Потом — Москва: несколько дней на Шестом съезде комсомола. И еще два года, прошедшие в таком стремительном движении, что он даже не заметил их.

Затем — болезнь.

Жизнь словно обрывается. Корчагину двадцать лет. Двадцать лет — а пережито столько, что хватило бы на нормальный век человеческий. И все это вместилось в несколько весен и зим, в отрезочек между юностью и молодостью.

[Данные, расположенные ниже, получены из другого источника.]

lemma doubles_add_top_block:
  assumes P: "P \<in> LM m" and c: "1 \<le> c"
  shows "doubles (insert (top_block m c) P) = doubles P + (if c = 2 then 1 else 0)"
proof -
  have "{B \<in> insert (top_block m c) P. card B = 2}
        = (if c = 2 then insert (top_block m c) else id) {B \<in> P. card B = 2}"
    by auto
  then show ?thesis
    using top_block_notin[OF P c] LM_finite_blocks[OF P]
    by (cases "c = 2") (simp_all add: doubles_def)
qed

lemma singles_add_top_block:
  assumes P: "P \<in> LM m" and c: "1 \<le> c"
  shows "singles (insert (top_block m c) P) = singles P + (if c = 1 then 1 else 0)"
proof -
  have "{B \<in> insert (top_block m c) P. card B = 1}
        = (if c = 1 then insert (top_block m c) else id) {B \<in> P. card B = 1}"
    by auto
  then show ?thesis
    using top_block_notin[OF P c] LM_finite_blocks[OF P]
    by (cases "c = 1") (simp_all add: singles_def)
qed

Смотрите же: с первой до последней страницы своей боевой биографии он нигде не задерживается больше года. Он нигде не испытывает страшной пытки временем. Он все пробует, и ничто не успевает ему наскучить. Жизнь его несется вперед, как серия опытов, как вихрь примеров. Он не знает временный протяженности, не знает ни великой прочности, ни разъедающей скуки устоявшегося быта. Он знает жизнь только в качественных пробах, в смене опьяняющих мгновений.

Он спешит.

И потом — сразу — тишина и полное бездействие. Время вытягивается в длинную нить. Оно пустое. Это становится нравственной пыткой, более страшной, чем болезнь. В жизни героя дела и время оказываются разведены на полюса. Сначала — дела вне времени. Потом — время вне дел. Сначала — воля, властно смявшая объективный ход времени. Потом — томительно-размеренное, незаполненное время.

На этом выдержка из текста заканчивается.